Ms Smuts asked on what grounds did the Supreme Court of Appeal turn down LASA in the Boeremag case?
Judge Mlambo replied that the initial number of accused in the Boeremag case were 23. Some of the accused did not pass the means test. The court had said that the case was extraordinary and would take a long time. The funds of the accused would probably run out before the trial ended. The Legal Aid Board then decided that they would represent the accused once their funds ran out. Usually lawyers were not appointed by the accused, instead Legal Aid appointed a lawyer. If someone fired the appointed lawyer for no good reason then LASA would no longer assist that person. However in the Boeremag case, LASA was instructed to provide lawyers for the accused, this enabled them to choose their own lawyers and they duly did so. LASA lost the case not to represent the accused because it was deemed unconstitutional for an accused to be unrepresented in a criminal law case, it was not in the interests of justice. In the Garry Porritt case the accused refused to disclose his wealth in order for a means test to be applied. The judge instructed LASA to provide advocates to represent the accused and the judge also instructed LASA to provide a certain number of advocates. The pre-trial costs would thus be in the region of R60 million for this case. The problem was that the Constitution was often relied upon by the accused who did not want to spend his own money in court. The civil claims for farm workers was outsourced by the Department of Land Affairs and the cost was probably twice as much as what Legal Aid would charge. LASA had an accreditation list for lawyers and this was based on the BEE status of lawyers. Individuals or firms had to put themselves on this list. Those practitioners who provided shoddy services were removed from the accreditation list and banned.

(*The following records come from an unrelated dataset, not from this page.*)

lemma tanh_poly_sum_deriv: "tanh_poly_sum g \<Longrightarrow> tanh_poly_sum (deriv g)"
  by (metis DERIV_imp_deriv ext tanh_poly_sum_has_real_derivative)

lemma tanh_poly_sum_higher_deriv: "tanh_poly_sum g \<Longrightarrow> tanh_poly_sum ((deriv ^^ k) g)"
  by (induction k) (auto intro: tanh_poly_sum_deriv)

lemma tanh_poly_sum_cmult: "tanh_poly_sum g \<Longrightarrow> tanh_poly_sum (\<lambda>x. c * g x)"
proof (induction rule: tanh_poly_sum.induct)
  case (tanh_poly_sum_poly P a b)
  show ?case using tanh_poly_sum.tanh_poly_sum_poly[of "smult c P" a b] by simp
qed (auto simp: distrib_left intro: tanh_poly_sum.intros)

lemma tanh_poly_sum_sum:
  "finite I \<Longrightarrow> (\<And>i. i \<in> I \<Longrightarrow> tanh_poly_sum (g i)) \<Longrightarrow> tanh_poly_sum (\<lambda>x. \<Sum>i\<in>I. g i x)"
  by (induction I rule: finite_induct) (auto intro: tanh_poly_sum.intros)

lemma tanh_poly_sum_tanh: "tanh_poly_sum (\<lambda>x. tanh (a * x + b))"
  using tanh_poly_sum.tanh_poly_sum_poly[of "[:0, 1:]" a b] by simp

lemma Cb_inf_if_deriv_tanh_poly_sum:
  assumes "\<And>x. \<phi> differentiable (at x)" "bounded (range \<phi>)" "tanh_poly_sum (deriv \<phi>)"
  shows "Cb_inf \<phi>"
  unfolding Cb_inf_def
proof
  fix k
  show "(\<forall>x. (deriv ^^ k) \<phi> differentiable at x) \<and> bounded (range ((deriv ^^ k) \<phi>))"
  proof (cases k)
    case 0
    then show ?thesis using assms by simp
  next
    case (Suc m)
    then have "tanh_poly_sum ((deriv ^^ k) \<phi>)"
      using tanh_poly_sum_higher_deriv[OF assms(3), of m] by (simp only: funpow_Suc_right comp_def)
    moreover from this obtain B where "\<forall>x. \<bar>(deriv ^^ k) \<phi> x\<bar> \<le> B"
      using tanh_poly_sum_bounded by blast
    ultimately show ?thesis
      using tanh_poly_sum_differentiable unfolding bounded_real by blast
  qed
qed

section \<open>Smoothed ramps over finite unions of intervals\<close>

text \<open>Normalised by the total length \<open>L\<close> of the intervals, the
  ramp stays in \<open>[-1, 1]\<close>, and as \<open>s \<rightarrow> \<infinity>\<close> its derivative tends to \<open>ramp_deriv\<close>, which is
  \<open>2 / L\<close> on the open intervals.\<close>

definition smooth_abs :: "real \<Rightarrow> real \<Rightarrow> real" where
  "smooth_abs s y = ln (cosh (s * y)) / s"

definition smooth_ramp :: "real \<Rightarrow> 'i set \<Rightarrow> ('i \<Rightarrow> real) \<Rightarrow> ('i \<Rightarrow> real) \<Rightarrow> real \<Rightarrow> real \<Rightarrow> real" where
  "smooth_ramp s I c e L x = (\<Sum>i\<in>I. smooth_abs s (x - c i) - smooth_abs s (x - e i)) / L"

definition smooth_ramp_deriv :: "real \<Rightarrow> 'i set \<Rightarrow> ('i \<Rightarrow> real) \<Rightarrow> ('i \<Rightarrow> real) \<Rightarrow> real \<Rightarrow> real \<Rightarrow> real" where
  "smooth_ramp_deriv s I c e L x = (\<Sum>i\<in>I. tanh (s * (x - c i)) - tanh (s * (x - e i))) / L"

definition ramp_deriv :: "'i set \<Rightarrow> ('i \<Rightarrow> real) \<Rightarrow> ('i \<Rightarrow> real) \<Rightarrow> real \<Rightarrow> real \<Rightarrow> real" where
  "ramp_deriv I c e L x = (\<Sum>i\<in>I. sgn (x - c i) - sgn (x - e i)) / L"

lemma smooth_abs_has_real_derivative:
  assumes "s \<noteq> 0"
  shows "(smooth_abs s has_real_derivative tanh (s * y)) (at y)"
proof -
  have "((\<lambda>y. ln (cosh (s * y)) / s) has_real_derivative
     (1 / cosh (s * y) * (sinh (s * y) * (s * 1))) / s) (at y)"
    by (auto intro!: derivative_eq_intros)
  then show ?thesis using assms unfolding smooth_abs_def[abs_def] by (simp add: tanh_def)
qed

lemma smooth_abs_lipschitz:
  assumes "s \<noteq> 0"
  shows "\<bar>smooth_abs s u - smooth_abs s v\<bar> \<le> \<bar>u - v\<bar>"
proof -
  have *: "\<bar>smooth_abs s b - smooth_abs s a\<bar> \<le> b - a" if "a < b" for a b
  proof -
    have "\<exists>z. a < z \<and> z < b \<and> smooth_abs s b - smooth_abs s a = (b - a) * tanh (s * z)"
      by (rule MVT2[OF that]) (use smooth_abs_has_real_derivative[OF assms] in auto)
    then obtain z where "smooth_abs s b - smooth_abs s a = (b - a) * tanh (s * z)" by blast
    moreover have "\<bar>tanh (s * z)\<bar> \<le> 1" using tanh_real_bounds[of "s * z"] by auto
    ultimately show ?thesis using that by (simp add: abs_mult mult_left_le)
  qed
  consider "u < v" | "u = v" | "v < u" by linarith
  then show ?thesis by cases (use *[of u v] *[of v u] in \<open>auto simp: abs_minus_commute\<close>)
qed

lemma smooth_ramp_has_real_derivative:
  assumes "s \<noteq> 0"
  shows "(smooth_ramp s I c e L has_real_derivative smooth_ramp_deriv s I c e L x) (at x)"
proof -
  have "((\<lambda>x. \<Sum>i\<in>I. smooth_abs s (x - c i) - smooth_abs s (x - e i)) has_real_derivative
        (\<Sum>i\<in>I. tanh (s * (x - c i)) * (1 - 0) - tanh (s * (x - e i)) * (1 - 0))) (at x)"
    by (intro DERIV_sum DERIV_diff DERIV_chain2[OF smooth_abs_has_real_derivative[OF assms]]
        derivative_intros)
  from DERIV_cdivide[OF this, of L] show ?thesis
    unfolding smooth_ramp_def[abs_def] smooth_ramp_deriv_def by simp
qed

lemma deriv_smooth_ramp: "s \<noteq> 0 \<Longrightarrow> deriv (smooth_ramp s I c e L) = smooth_ramp_deriv s I c e L"
  using smooth_ramp_has_real_derivative DERIV_imp_deriv by blast

lemma tanh_poly_sum_smooth_ramp_deriv:
  assumes "finite I"
  shows "tanh_poly_sum (smooth_ramp_deriv s I c e L)"
proof -
  have "smooth_ramp_deriv s I c e L = (\<lambda>x. \<Sum>i\<in>I.
      (1 / L) * tanh (s * x + (- s * c i)) + (- 1 / L) * tanh (s * x + (- s * e i)))"
  proof
    fix x
    have "s * (x - c i) = s * x + (- s * c i)" "s * (x - e i) = s * x + (- s * e i)" for i
      by (simp_all add: algebra_simps)
    then show "smooth_ramp_deriv s I c e L x = (\<Sum>i\<in>I.
        (1 / L) * tanh (s * x + (- s * c i)) + (- 1 / L) * tanh (s * x + (- s * e i)))"
      by (simp add: smooth_ramp_deriv_def sum_divide_distrib diff_divide_distrib)
  qed
  then show ?thesis
    by (simp only:) (intro tanh_poly_sum_sum assms tanh_poly_sum_add tanh_poly_sum_cmult tanh_poly_sum_tanh)
qed

lemma abs_smooth_ramp_le_1:
  assumes "s \<noteq> 0" "\<forall>i\<in>I. c i \<le> e i" "L = (\<Sum>i\<in>I. e i - c i)" "L > 0"
  shows "\<bar>smooth_ramp s I c e L x\<bar> \<le> 1"
proof -
  have "\<bar>\<Sum>i\<in>I. smooth_abs s (x - c i) - smooth_abs s (x - e i)\<bar>
      \<le> (\<Sum>i\<in>I. \<bar>smooth_abs s (x - c i) - smooth_abs s (x - e i)\<bar>)"
    by (rule sum_abs)
  also have "\<dots> \<le> (\<Sum>i\<in>I. e i - c i)"
  proof (rule sum_mono)
    fix i assume "i \<in> I"
    have "\<bar>smooth_abs s (x - c i) - smooth_abs s (x - e i)\<bar> \<le> \<bar>(x - c i) - (x - e i)\<bar>"
      by (rule smooth_abs_lipschitz[OF assms(1)])
    then show "\<bar>smooth_abs s (x - c i) - smooth_abs s (x - e i)\<bar> \<le> e i - c i"
      using assms(2) \<open>i \<in> I\<close> by auto
  qed
  finally show ?thesis using assms(3,4) by (simp add: smooth_ramp_def abs_div)
qed

lemma Cb_inf_smooth_ramp:
  assumes "s \<noteq> 0" "finite I" "\<forall>i\<in>I. c i \<le> e i" "L = (\<Sum>i\<in>I. e i - c i)" "L > 0"
  shows "Cb_inf (smooth_ramp s I c e L)"
proof (rule Cb_inf_if_deriv_tanh_poly_sum)
  show "smooth_ramp s I c e L differentiable at x" for x
    using smooth_ramp_has_real_derivative[OF assms(1)] real_differentiable_def by blast
  show "bounded (range (smooth_ramp s I c e L))"
    unfolding bounded_real using abs_smooth_ramp_le_1[OF assms(1,3-5)] by auto
  show "tanh_poly_sum (deriv (smooth_ramp s I c e L))"
    by (simp add: deriv_smooth_ramp[OF assms(1)] tanh_poly_sum_smooth_ramp_deriv[OF assms(2)])
qed

lemma disjoint_family_on_Ioc_if_Ioo:
  fixes c e :: "'i \<Rightarrow> real"
  assumes "\<forall>i\<in>I. c i < e i" "disjoint_family_on (\<lambda>i. {c i<..<e i}) I"
  shows "disjoint_family_on (\<lambda>i. {c i<..e i}) I"
  unfolding disjoint_family_on_def
proof (intro ballI impI equals0I)
  fix i j x assume ij: "i \<in> I" "j \<in> I" "i \<noteq> j" and x: "x \<in> {c i<..e i} \<inter> {c j<..e j}"
  define y where "y = (max (c i) (c j) + x) / 2"
  from x have "y \<in> {c i<..<e i} \<inter> {c j<..<e j}" unfolding y_def by (auto simp: max_def)
  moreover have "{c i<..<e i} \<inter> {c j<..<e j} = {}"
    using assms(2) ij unfolding disjoint_family_on_def by blast
  ultimately show False by blast
qed

text \<open>The increments are the masses of disjoint intervals under the Stieltjes measure of \<open>G\<close>.\<close>

lemma sum_increments_le_mono:
  fixes G :: "real \<Rightarrow> real" and c e :: "'i \<Rightarrow> real"
  assumes mono: "\<And>a b. a \<le> b \<Longrightarrow> G a \<le> G b" and rc: "\<And>a. continuous (at_right a) G"
    and I: "finite I" "I \<noteq> {}" "\<forall>i\<in>I. c i < e i" "disjoint_family_on (\<lambda>i. {c i<..e i}) I"
  shows "(\<Sum>i\<in>I. G (e i) - G (c i)) \<le> G (Max (e ` I)) - G (Min (c ` I))"
proof -
  let ?N = "interval_measure G"
  let ?a = "Min (c ` I)" and ?b = "Max (e ` I)"
  have bounds: "?a \<le> c i" "e i \<le> ?b" if "i \<in> I" for i using that I(1) by auto
  have "?a \<le> ?b"
  proof -
    obtain i where "i \<in> I" using I(2) by auto
    then show ?thesis using bounds[of i] I(3) by force
  qed
  have "ennreal (\<Sum>i\<in>I. G (e i) - G (c i)) = (\<Sum>i\<in>I. ennreal (G (e i) - G (c i)))"
    using I(3) mono by (subst sum_ennreal) (auto simp: less_imp_le)
  also have "\<dots> = (\<Sum>i\<in>I. emeasure ?N {c i<..e i})"
    using I(3)
    by (intro sum.cong refl emeasure_interval_measure_Ioc[symmetric]) (auto intro: mono rc less_imp_le)
  also have "\<dots> = emeasure ?N (\<Union>i\<in>I. {c i<..e i})"
    using I(1,4) by (intro sum_emeasure) auto
  also have "\<dots> \<le> emeasure ?N {?a<..?b}"
    using bounds by (intro emeasure_mono) (auto, fastforce+)
  also have "\<dots> = ennreal (G ?b - G ?a)"
    using \<open>?a \<le> ?b\<close> by (intro emeasure_interval_measure_Ioc) (auto intro: mono rc)
  finally show ?thesis
    using mono[OF \<open>?a \<le> ?b\<close>] by (subst (asm) ennreal_le_iff) auto
qed

lemma sum_tanh_increments_le_2:
  fixes c e :: "'i \<Rightarrow> real"
  assumes "s > 0" "finite I" "\<forall>i\<in>I. c i < e i" "disjoint_family_on (\<lambda>i. {c i<..e i}) I"
  shows "(\<Sum>i\<in>I. tanh (s * (x - c i)) - tanh (s * (x - e i))) \<le> 2"
proof (cases "I = {}")
  case False
  define G where "G t = tanh (s * (t - x))" for t
  have "tanh (s * (x - c i)) - tanh (s * (x - e i)) = G (e i) - G (c i)" for i
    using tanh_minus[of "s * (c i - x)"] tanh_minus[of "s * (e i - x)"]
    by (simp add: G_def algebra_simps)
  moreover have "(\<Sum>i\<in>I. G (e i) - G (c i)) \<le> G (Max (e ` I)) - G (Min (c ` I))"
    using assms False unfolding G_def
    by (intro sum_increments_le_mono) (auto intro!: continuous_intros mult_left_mono)
  moreover have "G (Max (e ` I)) - G (Min (c ` I)) \<le> 2"
    using tanh_real_bounds[of "s * (Max (e ` I) - x)"] tanh_real_bounds[of "s * (Min (c ` I) - x)"]
    by (auto simp: G_def)
  ultimately show ?thesis by simp
qed simp

lemma smooth_ramp_deriv_nonneg:
  assumes "s > 0" "\<forall>i\<in>I. c i \<le> e i" "L > 0"
  shows "smooth_ramp_deriv s I c e L x \<ge> 0"
  unfolding smooth_ramp_deriv_def using assms
  by (intro divide_nonneg_pos sum_nonneg) (auto intro!: mult_left_mono simp: diff_ge_0_iff_ge)

lemma sup_norm_smooth_ramp_deriv:
  assumes "s > 0" "finite I" "\<forall>i\<in>I. c i < e i" "disjoint_family_on (\<lambda>i. {c i<..<e i}) I" "L > 0"
  shows "0 \<le> sup_norm (smooth_ramp_deriv s I c e L)" "sup_norm (smooth_ramp_deriv s I c e L) \<le> 2 / L"
proof -
  have bound: "\<bar>smooth_ramp_deriv s I c e L x\<bar> \<le> 2 / L" for x
  proof -
    have "smooth_ramp_deriv s I c e L x \<ge> 0"
      using assms by (intro smooth_ramp_deriv_nonneg) (auto simp: less_imp_le)
    moreover have "smooth_ramp_deriv s I c e L x \<le> 2 / L"
      using sum_tanh_increments_le_2[OF assms(1-3) disjoint_family_on_Ioc_if_Ioo[OF assms(3,4)], of x]
        assms(5)
      unfolding smooth_ramp_deriv_def by (simp add: divide_right_mono)
    ultimately show ?thesis by simp
  qed
  then have "bdd_above (range (\<lambda>x. \<bar>smooth_ramp_deriv s I c e L x\<bar>))" by (intro bdd_aboveI2)
  then show "0 \<le> sup_norm (smooth_ramp_deriv s I c e L)"
    unfolding sup_norm_def by (rule cSUP_upper2[where x=0]) auto
  show "sup_norm (smooth_ramp_deriv s I c e L) \<le> 2 / L"
    unfolding sup_norm_def using bound by (intro cSUP_least) auto
qed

Mr Brian Nair, National Operations Executive for LASA, said that the necessary cost for the Child Justice Act was providing a lawyer in each case as Magistrates were requiring the presence of a lawyer during the pre-trial inquiry. LASA was actively involved in World Cup preparations and had already included a budget for its plans. It had drawn up contracts for extra staff that would work during that period and once the final budget was approved they would sign their contracts. LASA had been engaging with the Department of Land Affairs but it was unlikely that LASA would be used by the department. Land Affairs had said that it would renew the contract of the outsourced firm.
Mr Swart asked how much it cost the Department of Land Affairs to outsource to a private firm.
Mr Jeffery said that it would be unfair to burden LASA with providing this information. The Committee should rather ask the Portfolio Committee dealing with Land Affairs to obtain the information and then provide it to the Committee.
Mr Landers said that the Committee should just ask the Minister of Land Affairs directly.
Mr Ndabandaba asked of the 48.5 million people that were serviced by Legal Aid, what percentage was from the rural areas.
Mr Nair replied that 92% of cases were criminal cases. Civil legal aid was provided in mostly rural areas, the demand was bigger there.
The Chairperson commended LASA for their excellent report as it had measurable outputs, objectives as well as a commitment to targets.